Home > Nonfiction > Dawn's Light > Page 32
Dawn's Light Page 32

by Terri Blackstock


  She saw a janitor’s closet up ahead. Opening the door, she slipped inside. The room was no bigger than ten by ten, with shelves along the walls filled with cleaning supplies. She saw a light switch but welcomed the darkness.

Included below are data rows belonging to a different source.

text \<open>Each counter starts at f+1 and is decremented at most f+1 times, so the total number
  of decrements is at most (f+1)n. Selecting a source decrements the counters of its at least p
  white neighbours and adds exactly one edge of E' per decrement; hence p|S| \<le> (f+1)n and the loop
  adds at most (f+1)n edges. When the loop stops, every non-source has fewer than p white
  neighbours, and a white vertex has at most f source neighbours since its counter is still
  positive; so at most np + nf edges touch a white vertex. Together with |A_S| this gives the
  bound with constant 3, using n \<le> nf.\<close>

text \<open>The number of counter decrements so far: each pays for one edge of E', and each source
  costs at least p of them.\<close>

definition charge :: "'a set \<Rightarrow> nat \<Rightarrow> ('a \<Rightarrow> nat) \<Rightarrow> nat" where
  "charge V f cnt = (\<Sum>u\<in>V. f + 1 - cnt u)"

definition source_degree :: "'a set set \<Rightarrow> 'a set \<Rightarrow> 'a \<Rightarrow> nat" where
  "source_degree E S u = card {t \<in> S. {u, t} \<in> E}"

definition decrement :: "'a set \<Rightarrow> ('a \<Rightarrow> nat) \<Rightarrow> 'a \<Rightarrow> nat" where
  "decrement N cnt u = (if u \<in> N then cnt u - 1 else cnt u)"

definition alg_invariant :: "'a set \<Rightarrow> 'a set set \<Rightarrow> nat \<Rightarrow> nat \<Rightarrow> 'a alg_state \<Rightarrow> bool" where
  "alg_invariant V E f p st = (case st of (col, cnt, S, Ep) \<Rightarrow>
     S \<subseteq> V \<and> (\<forall>u. cnt u \<le> f + 1) \<and>
     (\<forall>u. col u = White \<longrightarrow> 1 \<le> cnt u \<and> source_degree E S u + cnt u = f + 1) \<and>
     card Ep \<le> charge V f cnt \<and> p * card S \<le> charge V f cnt)"

lemma simple_graph_edgeD:
  assumes "simple_graph V E" "{a, b} \<in> E"
  shows "a \<in> V" "b \<in> V"
proof -
  obtain u v where "{a, b} = {u, v}" "u \<in> V" "v \<in> V"
    using assms unfolding simple_graph_def by blast
  then show "a \<in> V" "b \<in> V" by (metis doubleton_eq_iff)+
qed

lemma Nw_subset: "simple_graph V E \<Longrightarrow> Nw E col s \<subseteq> V"
  unfolding Nw_def using simple_graph_edgeD by fastforce

lemma finite_Nw: "simple_graph V E \<Longrightarrow> finite (Nw E col s)"
  using Nw_subset finite_subset simple_graph_def by metis

lemma card_UN_le_mult:
  assumes "finite I" "\<And>i. i \<in> I \<Longrightarrow> card (B i) \<le> k"
  shows "card (\<Union>i\<in>I. B i) \<le> card I * k"
proof -
  have "card (\<Union>i\<in>I. B i) \<le> (\<Sum>i\<in>I. card (B i))" using assms(1) by (rule card_UN_le)
  also have "\<dots> \<le> card I * k" using sum_bounded_above[of I "\<lambda>i. card (B i)" k] assms(2) by simp
  finally show ?thesis .
qed

lemma card_star_le: "finite N \<Longrightarrow> card {{s, u} | u. u \<in> N} \<le> card N"
  using card_image_le[of N "\<lambda>u. {s, u}"] by (simp add: setcompr_eq_image)

lemma charge_le: "finite V \<Longrightarrow> charge V f cnt \<le> card V * (f + 1)"
  unfolding charge_def using sum_bounded_above[of V "\<lambda>u. f + 1 - cnt u" "f + 1"] by simp

lemma charge_decrement:
  assumes "finite V" "N \<subseteq> V" "\<And>u. u \<in> N \<Longrightarrow> 1 \<le> cnt u \<and> cnt u \<le> f + 1"
  shows "charge V f (decrement N cnt) = charge V f cnt + card N"
proof -
  have "charge V f (decrement N cnt) = (\<Sum>u\<in>V. (f + 1 - cnt u) + (if u \<in> N then 1 else 0))"
    unfolding charge_def decrement_def using assms(3) by (intro sum.cong) (auto simp: Suc_diff_le)
  also have "\<dots> = charge V f cnt + card (V \<inter> N)"
    using assms(1) by (simp add: sum.distrib sum.If_cases charge_def)
  finally show ?thesis using assms(2) by (simp add: Int_absorb1)
qed

lemma source_degree_insert:
  assumes "finite S" "s \<notin> S"
  shows "source_degree E (insert s S) u = source_degree E S u + (if {s, u} \<in> E then 1 else 0)"
proof -
  have "{t \<in> insert s S. {u, t} \<in> E} =
        (if {s, u} \<in> E then insert s {t \<in> S. {u, t} \<in> E} else {t \<in> S. {u, t} \<in> E})"
    by (auto simp: insert_commute)
  then show ?thesis using assms by (simp add: source_degree_def)
qed

lemma alg_invariant_step:
  assumes sg: "simple_graph V E" and step: "alg_step V E p st st'"
    and inv: "alg_invariant V E f p st"
  shows "alg_invariant V E f p st'"
proof -
  obtain col cnt S Ep where st: "st = (col, cnt, S, Ep)" by (cases st) auto
  define N where "N s = Nw E col s" for s
  obtain s where s: "s \<in> V - S" "p \<le> card (N s)"
    and st': "st' = ((\<lambda>u. if u = s then Red
                          else if u \<in> N s \<and> cnt u - 1 = 0 then Black else col u),
                     decrement (N s) cnt, insert s S, Ep \<union> {{s, u} | u. u \<in> N s})"
    using step unfolding alg_step_def st N_def decrement_def by auto
  from inv have SV: "S \<subseteq> V" and cnt_le: "\<forall>u. cnt u \<le> f + 1"
    and white: "\<forall>u. col u = White \<longrightarrow> 1 \<le> cnt u \<and> source_degree E S u + cnt u = f + 1"
    and edges: "card Ep \<le> charge V f cnt" and sources: "p * card S \<le> charge V f cnt"
    unfolding alg_invariant_def st by auto
  have fV: "finite V" and fS: "finite S"
    using sg SV finite_subset unfolding simple_graph_def by auto
  have N_iff: "u \<in> N s \<longleftrightarrow> {s, u} \<in> E \<and> col u = White" for u
    unfolding N_def Nw_def by simp
  have charge': "charge V f (decrement (N s) cnt) = charge V f cnt + card (N s)"
    unfolding N_def
  proof (rule charge_decrement[OF fV Nw_subset[OF sg]])
    fix u assume "u \<in> Nw E col s"
    then show "1 \<le> cnt u \<and> cnt u \<le> f + 1" using white cnt_le unfolding Nw_def by simp
  qed
  have white': "1 \<le> decrement (N s) cnt u \<and>
                source_degree E (insert s S) u + decrement (N s) cnt u = f + 1"
    if "col u = White" "u \<in> N s \<longrightarrow> cnt u - 1 \<noteq> 0" for u
  proof -
    have old: "1 \<le> cnt u" "source_degree E S u + cnt u = f + 1" using white that(1) by auto
    have "source_degree E (insert s S) u = source_degree E S u + (if u \<in> N s then 1 else 0)"
      using source_degree_insert[OF fS, of s E u] s(1) N_iff[of u] that(1) by simp
    then show ?thesis using old that(2) by (auto simp: decrement_def)
  qed
  have "card (Ep \<union> {{s, u} | u. u \<in> N s}) \<le> card Ep + card {{s, u} | u. u \<in> N s}"
    by (rule card_Un_le)
  also have "\<dots> \<le> card Ep + card (N s)"
    using card_star_le[OF finite_Nw[OF sg]] unfolding N_def by simp
  finally have edges': "card (Ep \<union> {{s, u} | u. u \<in> N s}) \<le> charge V f (decrement (N s) cnt)"
    using edges charge' by linarith
  have sources': "p * card (insert s S) \<le> charge V f (decrement (N s) cnt)"
    using sources s fS charge' by simp
  have cnt_le': "decrement (N s) cnt u \<le> f + 1" for u
    using cnt_le[rule_format, of u] by (auto simp: decrement_def)
  show ?thesis
    unfolding st' alg_invariant_def prod.case
  proof (intro conjI allI impI edges' sources' cnt_le')
    show "insert s S \<subseteq> V" using SV s(1) by simp
  next
    fix u
    assume "(if u = s then Red else if u \<in> N s \<and> cnt u - 1 = 0 then Black else col u) = White"
    then have "col u = White" "u \<in> N s \<longrightarrow> cnt u - 1 \<noteq> 0"
      by (auto split: if_splits)
    then show "1 \<le> decrement (N s) cnt u"
      and "source_degree E (insert s S) u + decrement (N s) cnt u = f + 1"
      using white' by blast+
  qed
qed

lemma alg_invariant_run:
  assumes "simple_graph V E" "(alg_step V E p)\<^sup>*\<^sup>* (alg_init f) st"
  shows "alg_invariant V E f p st"
  using assms(2)
proof (induction rule: rtranclp_induct)
  case base
  then show ?case unfolding alg_invariant_def alg_init_def charge_def source_degree_def by simp
next
  case (step st st')
  then show ?case using alg_invariant_step[OF assms(1)] by blast
qed
lemma qpoch_q_pos: "0 < q \<Longrightarrow> q < 1 \<Longrightarrow> qpoch q q j > 0"
  by (intro qpoch_pos) auto

text \<open>Reversing the product \<open>(q\<^sup>-\<^sup>l;q)\<^sub>l = \<Prod>\<^sub>i\<^sub><\<^sub>l (1 - q\<^sup>-\<^sup>(\<^sup>i\<^sup>+\<^sup>1\<^sup>))\<close> and pulling out
  \<open>-q\<^sup>-\<^sup>(\<^sup>i\<^sup>+\<^sup>1\<^sup>)\<close> from each factor relates it to \<open>(q;q)\<^sub>l\<close>; we only need the squared form,
  which avoids the sign.\<close>

lemma prod_reciprocal_powers_square:
  assumes "0 < (q::real)"
  shows "(\<Prod>i<l. 1 - 1 / q ^ Suc i)\<^sup>2 * q ^ (l + l * l) = (\<Prod>i<l. 1 - q * q ^ i)\<^sup>2"
proof (induction l)
  case 0 thus ?case by simp
next
  case (Suc l)
  have e: "Suc l + Suc l * Suc l = (l + l * l) + 2 * Suc l" by simp
  have "(\<Prod>i<Suc l. 1 - 1 / q ^ Suc i)\<^sup>2 * q ^ (Suc l + Suc l * Suc l)
     = ((\<Prod>i<l. 1 - 1 / q ^ Suc i)\<^sup>2 * q ^ (l + l * l)) * ((1 - 1 / q ^ Suc l) * q ^ Suc l)\<^sup>2"
    unfolding e power_add
    by (simp add: power_mult_distrib power_mult power2_eq_square algebra_simps)
  also have "(1 - 1 / q ^ Suc l) * q ^ Suc l = - (1 - q * q ^ l)"
    using assms by (simp add: field_simps)
  finally show ?case unfolding Suc by (simp add: power2_eq_square algebra_simps)
qed

lemma qpoch_reflection_square:
  assumes "0 < q"
  shows "(qpoch (1 / q ^ l) q l)\<^sup>2 * q ^ (l + l * l) = (qpoch q q l)\<^sup>2"
proof -
  have "qpoch (1 / q ^ l) q l = (\<Prod>i<l. 1 - 1 / q ^ l * q ^ (l - Suc i))"
    unfolding qpoch_def by (rule prod.nat_diff_reindex[symmetric])
  also have "\<dots> = (\<Prod>i<l. 1 - 1 / q ^ Suc i)"
  proof (rule prod.cong)
    fix i assume "i \<in> {..<l}"
    hence "q ^ l = q ^ (l - Suc i) * q ^ Suc i" by (metis power_add le_add_diff_inverse2 Suc_leI lessThan_iff)
    thus "1 - 1 / q ^ l * q ^ (l - Suc i) = 1 - 1 / q ^ Suc i" using assms by (simp add: field_simps)
  qed simp
  finally show ?thesis using prod_reciprocal_powers_square[OF assms, of l] by (simp add: qpoch_def)
qed

section \<open>The terminating q-binomial theorem\<close>

definition qbinom_coeff :: "real \<Rightarrow> nat \<Rightarrow> nat \<Rightarrow> real" where
  "qbinom_coeff q m j = qpoch (1 / q ^ m) q j / qpoch q q j"
lemma staircase_step_within_block:
  assumes k: "2 \<le> k" and K: "K = 1 \<or> (K = k \<and> P = Suc N)" and "e < K"
  shows "staircase k N K j e < staircase k N K j (Suc e)
    \<and> rev_digits k (N + 1 + P) (staircase k N K j (Suc e))
      < rev_digits k (N + 1 + P) (staircase k N K j e)"
proof -
  have k0: "0 < k"
    using k by simp
  define c where "c e = (if e = K then 0 else k - 1 - e)" for e
  have "c e * k ^ N + rev_digits k N (k ^ N - 1 - j) < k * k ^ N"
    using k by (intro mult_add_less_mult rev_digits_less) (auto simp: c_def)
  then have "staircase k N K j e < staircase k N K j (Suc e)"
    unfolding staircase_def c_def[symmetric] by (simp add: algebra_simps)
  moreover have "c (Suc e) * k ^ P + rev_digits k P (j * K + Suc e) < c e * k ^ P + rev_digits k P (j * K + e)"
  proof (cases "c e = 0")
    case False
    then have "c (Suc e) < c e"
      using \<open>e < K\<close> by (auto simp: c_def)
    then show ?thesis
      using k by (intro mult_add_less_mult_add rev_digits_less) auto
  next
    case True
    \<comment> \<open>only at the end of a block of length \<open>k\<close>, where the high digits carry\<close>
    then have "K = k" "e = k - 1" "P = Suc N"
      using K k \<open>e < K\<close> by (auto simp: c_def)
    then have "(j * K + e) mod k = ((k - 1) + j * k) mod k"
      by (simp only: add.commute)
    also have "\<dots> = k - 1"
      using k by (subst mod_mult_self1) simp
    finally have "(j * K + e) mod k = k - 1" .
    moreover have "c (Suc e) = 0"
      using \<open>e < K\<close> \<open>K = k\<close> \<open>e = k - 1\<close> by (simp add: c_def)
    ultimately show ?thesis
      using rev_digits_Suc_less[OF k] True \<open>P = Suc N\<close> by simp
  qed
  then have "rev_digits k (N + 1 + P) (staircase k N K j (Suc e))
      < rev_digits k (N + 1 + P) (staircase k N K j e)"
    unfolding rev_digits_staircase[OF k0] c_def by simp
  ultimately show ?thesis ..
qed

lemma staircase_step_next_block:
  assumes k: "2 \<le> k" and "0 < K" and "Suc j < k ^ N"
  shows "staircase k N K j K < staircase k N K (Suc j) 0
    \<and> rev_digits k (N + 1 + P) (staircase k N K (Suc j) 0)
      < rev_digits k (N + 1 + P) (staircase k N K j K)"
proof -
  have k0: "0 < k"
    using k by simp
  have "rev_digits k N (k ^ N - 1 - j) < k ^ N"
    using k0 by (rule rev_digits_less)
  also have "\<dots> \<le> (k - 1) * k ^ N"
    using k by simp
  finally have "staircase k N K j K < staircase k N K (Suc j) 0"
    unfolding staircase_def using \<open>0 < K\<close> by (simp add: algebra_simps)
  moreover have "(k ^ N - 1 - Suc j) * k ^ (P + 1) + ((k - 1) * k ^ P + rev_digits k P (Suc j * K))
      < (k ^ N - 1 - j) * k ^ (P + 1) + (0 * k ^ P + rev_digits k P (j * K + K))"
  proof (rule mult_add_less_mult_add)
    show "k ^ N - 1 - Suc j < k ^ N - 1 - j"
      using \<open>Suc j < k ^ N\<close> by simp
    show "(k - 1) * k ^ P + rev_digits k P (Suc j * K) < k ^ (P + 1)"
      using mult_add_less_mult[of "k - 1" k "rev_digits k P (Suc j * K)" "k ^ P"] rev_digits_less[OF k0, of P] k0
      by (simp add: mult.commute)
  qed
  then have "rev_digits k (N + 1 + P) (staircase k N K (Suc j) 0)
      < rev_digits k (N + 1 + P) (staircase k N K j K)"
    unfolding rev_digits_staircase[OF k0] using \<open>0 < K\<close> by (simp add: algebra_simps)
  ultimately show ?thesis ..
qed

definition staircase_path :: "nat \<Rightarrow> nat \<Rightarrow> nat \<Rightarrow> nat \<Rightarrow> nat" where
  "staircase_path k N K t = staircase k N K (t div (K + 1)) (t mod (K + 1))"

lemma staircase_path_step:
  assumes k: "2 \<le> k" and K: "K = 1 \<or> (K = k \<and> P = Suc N)" and t: "Suc t < k ^ N * (K + 1) - 1"
  shows "staircase_path k N K t < staircase_path k N K (Suc t)
    \<and> rev_digits k (N + 1 + P) (staircase_path k N K (Suc t))
      < rev_digits k (N + 1 + P) (staircase_path k N K t)"
proof -
  define j e where "j = t div (K + 1)" and "e = t mod (K + 1)"
  have t_eq: "t = j * (K + 1) + e" and "e \<le> K"
    using div_mult_mod_eq[of t "K + 1"] mod_less_divisor[of "K + 1" t] by (auto simp: j_def e_def)
  have div_mod: "(q * n + r) div n = q \<and> (q * n + r) mod n = r" if "r < n" for q n r :: nat
    using that by simp
  show ?thesis
  proof (cases "e = K")
    case True
    then have "Suc t = Suc j * (K + 1) + 0"
      using t_eq by simp
    then have "Suc t div (K + 1) = Suc j" "Suc t mod (K + 1) = 0"
      using div_mod[of 0 "K + 1" "Suc j"] by simp_all
    have "Suc j * (K + 1) < k ^ N * (K + 1)"
      using t \<open>Suc t = Suc j * (K + 1) + 0\<close> by linarith
    then have "Suc j < k ^ N"
      using mult_less_cancel2 by blast
    moreover have "0 < K"
      using K k by auto
    ultimately show ?thesis
      using staircase_step_next_block[OF k, of K j N P] True
        \<open>Suc t div (K + 1) = Suc j\<close> \<open>Suc t mod (K + 1) = 0\<close>
      unfolding staircase_path_def j_def[symmetric] e_def[symmetric] by simp
  next
    case False
    then have "Suc t = j * (K + 1) + Suc e" "Suc e < K + 1"
      using t_eq \<open>e \<le> K\<close> by auto
    then have "Suc t div (K + 1) = j" "Suc t mod (K + 1) = Suc e"
      using div_mod[of "Suc e" "K + 1" j] by simp_all
    then show ?thesis
      using staircase_step_within_block[OF k K, of e j] False \<open>e \<le> K\<close>
      unfolding staircase_path_def j_def[symmetric] e_def[symmetric] by simp
  qed
qed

  Closing the door behind her, she lowered herself to the floor. She sat cross-legged, the way she had done as a child at Sunday school, when Mrs. Nigel read them stories of Christ’s miracles in the Bible. She thought of her wide-eyed wonder as she learned of Christ waking up a dead girl, healing a man with demons, restoring a woman who touched the hem of his garment.

  All through her life, she had heard and read of those miracles, and she had believed solidly in them. Why wouldn’t she? The Bible was true. Didn’t it say that if you had faith as a mustard seed, anything you asked would be done? Didn’t it say that a little bit of faith could move mountains?

  Well, she had a mountain that wouldn’t move. She had prayed for miracles before, and God had granted them. Deni had come home alive. Little Sarah had been found. They’d been protected and provided for. All, just as God promised. But this mountain wouldn’t budge.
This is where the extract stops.